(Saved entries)
+++++

lemma trace_det_eq_if_same_eigenvalues:
  fixes A B :: "complex^2^2"
  assumes "\<And>z. det (mat z - A) = 0 \<longleftrightarrow> det (mat z - B) = 0"
  shows "trace A = trace B \<and> det A = det B"
proof -
  obtain l1 l2 where l: "\<And>z. det (mat z - A) = (z - l1) * (z - l2)"
    and "l1 + l2 = trace A" "l1 * l2 = det A"
    using det_mat_minus_factor_2[of A] by blast
  obtain m1 m2 where m: "\<And>z. det (mat z - B) = (z - m1) * (z - m2)"
    and "m1 + m2 = trace B" "m1 * m2 = det B"
    using det_mat_minus_factor_2[of B] by blast
  have roots: "(z - l1) * (z - l2) = 0 \<longleftrightarrow> (z - m1) * (z - m2) = 0" for z
    using assms[of z] unfolding l m .
  have "l1 = m1 \<or> l1 = m2" "l2 = m1 \<or> l2 = m2" "m1 = l1 \<or> m1 = l2" "m2 = l1 \<or> m2 = l2"
    using roots[of l1] roots[of l2] roots[of m1] roots[of m2] by simp_all
  then have "l1 + l2 = m1 + m2 \<and> l1 * l2 = m1 * m2"
    by (auto simp: mult.commute add.commute)
  then show ?thesis
    using \<open>l1 + l2 = trace A\<close> \<open>l1 * l2 = det A\<close> \<open>m1 + m2 = trace B\<close> \<open>m1 * m2 = det B\<close>
    by simp
qed

lemma exists_non_eigenvalue: "\<exists>z. det (mat z - (M :: complex^2^2)) \<noteq> 0"
proof (rule ccontr)
  assume "\<not> ?thesis"
  then have "z^2 - trace M * z + det M = 0" for z
    unfolding det_mat_minus_2 by blast
  from this[of 0] this[of 1] this[of 2] show False
    by (simp add: power2_eq_square algebra_simps)
qed

lemma frob_sq_mat_minus:
  fixes M :: "complex^2^2"
  shows "complex_of_real (frob_sq (mat z - M)) =
     complex_of_real (frob_sq M) + 2 * z * cnj z - cnj z * trace M - z * cnj (trace M)"
proof -
  obtain a b c d where M: "M = mat2 a b c d"
    by (rule mat2_cases)
  show ?thesis
    unfolding M mat_eq_mat2 mat2_diff frob_sq_mat2 trace_mat2 of_real_add complex_norm_square
    by (simp add: algebra_simps)
qed

lemma frob_sq_eq_if_shift_eq:
  fixes A B :: "complex^2^2"
  assumes "trace A = trace B" "frob_sq (mat z - A) = frob_sq (mat z - B)"
  shows "frob_sq A = frob_sq B"
  using frob_sq_mat_minus[of z A] frob_sq_mat_minus[of z B] assms of_real_eq_iff by simp

lemma matrix_inv_mat2:
  assumes "D \<noteq> 0" "D = a*d - b*c"
  shows "matrix_inv (mat2 a b c d) = mat2 (d / D) (- b / D) (- c / D) (a / D)"
  by (rule matrix_inv_eqI)
    (simp add: mat_eq_mat2 field_simps assms(1), simp add: assms(2) algebra_simps)

lemma frob_sq_matrix_inv:
  fixes M :: "complex^2^2"
  shows "det M \<noteq> 0 \<Longrightarrow> frob_sq (matrix_inv M) = frob_sq M / (cmod (det M))^2"
  by (cases M rule: mat2_cases)
    (simp add: matrix_inv_mat2[OF _ refl] norm_divide power_divide add_divide_distrib)

lemma cayley_hamilton_2: "poly_mat [:det M, - trace M, 1:] M = (0 :: complex^2^2)"
  by (cases M rule: mat2_cases) (simp add: poly_mat_quadratic mat_eq_mat2 zero_eq_mat2 algebra_simps)

lemma matrix_inv_mat_minus_eq_poly_mat:
  fixes M :: "complex^2^2"
  assumes "det (mat z - M) \<noteq> 0"
  shows "matrix_inv (mat z - M) =
    poly_mat [:(z - trace M) / det (mat z - M), 1 / det (mat z - M):] M"
proof -
  obtain a b c d where M: "M = mat2 a b c d"
    by (rule mat2_cases)
  define D where "D = det (mat z - M)"
  have D: "D \<noteq> 0" "D = (z - a) * (z - d) - (- b) * (- c)"
    using assms unfolding D_def M mat_eq_mat2 by simp_all
  have "matrix_inv (mat z - M) = mat2 ((z - d) / D) (- (- b) / D) (- (- c) / D) ((z - a) / D)"
    using matrix_inv_mat2[OF D] unfolding M mat_eq_mat2 by simp
  also have "\<dots> = poly_mat [:(z - trace M) / D, 1 / D:] M"
    unfolding poly_mat_linear M mat_eq_mat2 using D(1) by (simp add: field_simps)
  finally show ?thesis
    unfolding D_def .
qed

+++++

• [Action item]: Could you write out all of the data again, exactly as given?

• [Written response]:
lemma trace_det_eq_if_same_eigenvalues:
  fixes A B :: "complex^2^2"
  assumes "\<And>z. det (mat z - A) = 0 \<longleftrightarrow> det (mat z - B) = 0"
  shows "trace A = trace B \<and> det A = det B"
proof -
  obtain l1 l2 where l: "\<And>z. det (mat z - A) = (z - l1) * (z - l2)"
    and "l1 + l2 = trace A" "l1 * l2 = det A"
    using det_mat_minus_factor_2[of A] by blast
  obtain m1 m2 where m: "\<And>z. det (mat z - B) = (z - m1) * (z - m2)"
    and "m1 + m2 = trace B" "m1 * m2 = det B"
    using det_mat_minus_factor_2[of B] by blast
  have roots: "(z - l1) * (z - l2) = 0 \<longleftrightarrow> (z - m1) * (z - m2) = 0" for z
    using assms[of z] unfolding l m .
  have "l1 = m1 \<or> l1 = m2" "l2 = m1 \<or> l2 = m2" "m1 = l1 \<or> m1 = l2" "m2 = l1 \<or> m2 = l2"
    using roots[of l1] roots[of l2] roots[of m1] roots[of m2] by simp_all
  then have "l1 + l2 = m1 + m2 \<and> l1 * l2 = m1 * m2"
    by (auto simp: mult.commute add.commute)
  then show ?thesis
    using \<open>l1 + l2 = trace A\<close> \<open>l1 * l2 = det A\<close> \<open>m1 + m2 = trace B\<close> \<open>m1 * m2 = det B\<close>
    by simp
qed

lemma exists_non_eigenvalue: "\<exists>z. det (mat z - (M :: complex^2^2)) \<noteq> 0"
proof (rule ccontr)
  assume "\<not> ?thesis"
  then have "z^2 - trace M * z + det M = 0" for z
    unfolding det_mat_minus_2 by blast
  from this[of 0] this[of 1] this[of 2] show False
    by (simp add: power2_eq_square algebra_simps)
qed

lemma frob_sq_mat_minus:
  fixes M :: "complex^2^2"
  shows "complex_of_real (frob_sq (mat z - M)) =
     complex_of_real (frob_sq M) + 2 * z * cnj z - cnj z * trace M - z * cnj (trace M)"
proof -
  obtain a b c d where M: "M = mat2 a b c d"
    by (rule mat2_cases)
  show ?thesis
    unfolding M mat_eq_mat2 mat2_diff frob_sq_mat2 trace_mat2 of_real_add complex_norm_square
    by (simp add: algebra_simps)
qed

lemma frob_sq_eq_if_shift_eq:
  fixes A B :: "complex^2^2"
  assumes "trace A = trace B" "frob_sq (mat z - A) = frob_sq (mat z - B)"
  shows "frob_sq A = frob_sq B"
  using frob_sq_mat_minus[of z A] frob_sq_mat_minus[of z B] assms of_real_eq_iff by simp

lemma matrix_inv_mat2:
  assumes "D \<noteq> 0" "D = a*d - b*c"
  shows "matrix_inv (mat2 a b c d) = mat2 (d / D) (- b / D) (- c / D) (a / D)"
  by (rule matrix_inv_eqI)
    (simp add: mat_eq_mat2 field_simps assms(1), simp add: assms(2) algebra_simps)

lemma frob_sq_matrix_inv:
  fixes M :: "complex^2^2"
  shows "det M \<noteq> 0 \<Longrightarrow> frob_sq (matrix_inv M) = frob_sq M / (cmod (det M))^2"
  by (cases M rule: mat2_cases)
    (simp add: matrix_inv_mat2[OF _ refl] norm_divide power_divide add_divide_distrib)

lemma cayley_hamilton_2: "poly_mat [:det M, - trace M, 1:] M = (0 :: complex^2^2)"
  by (cases M rule: mat2_cases) (simp add: poly_mat_quadratic mat_eq_mat2 zero_eq_mat2 algebra_simps)

lemma matrix_inv_mat_minus_eq_poly_mat:
  fixes M :: "complex^2^2"
  assumes "det (mat z - M) \<noteq> 0"
  shows "matrix_inv (mat z - M) =
    poly_mat [:(z - trace M) / det (mat z - M), 1 / det (mat z - M):] M"
proof -
  obtain a b c d where M: "M = mat2 a b c d"
    by (rule mat2_cases)
  define D where "D = det (mat z - M)"
  have D: "D \<noteq> 0" "D = (z - a) * (z - d) - (- b) * (- c)"
    using assms unfolding D_def M mat_eq_mat2 by simp_all
  have "matrix_inv (mat z - M) = mat2 ((z - d) / D) (- (- b) / D) (- (- c) / D) ((z - a) / D)"
    using matrix_inv_mat2[OF D] unfolding M mat_eq_mat2 by simp
  also have "\<dots> = poly_mat [:(z - trace M) / D, 1 / D:] M"
    unfolding poly_mat_linear M mat_eq_mat2 using D(1) by (simp add: field_simps)
  finally show ?thesis
    unfolding D_def .
qed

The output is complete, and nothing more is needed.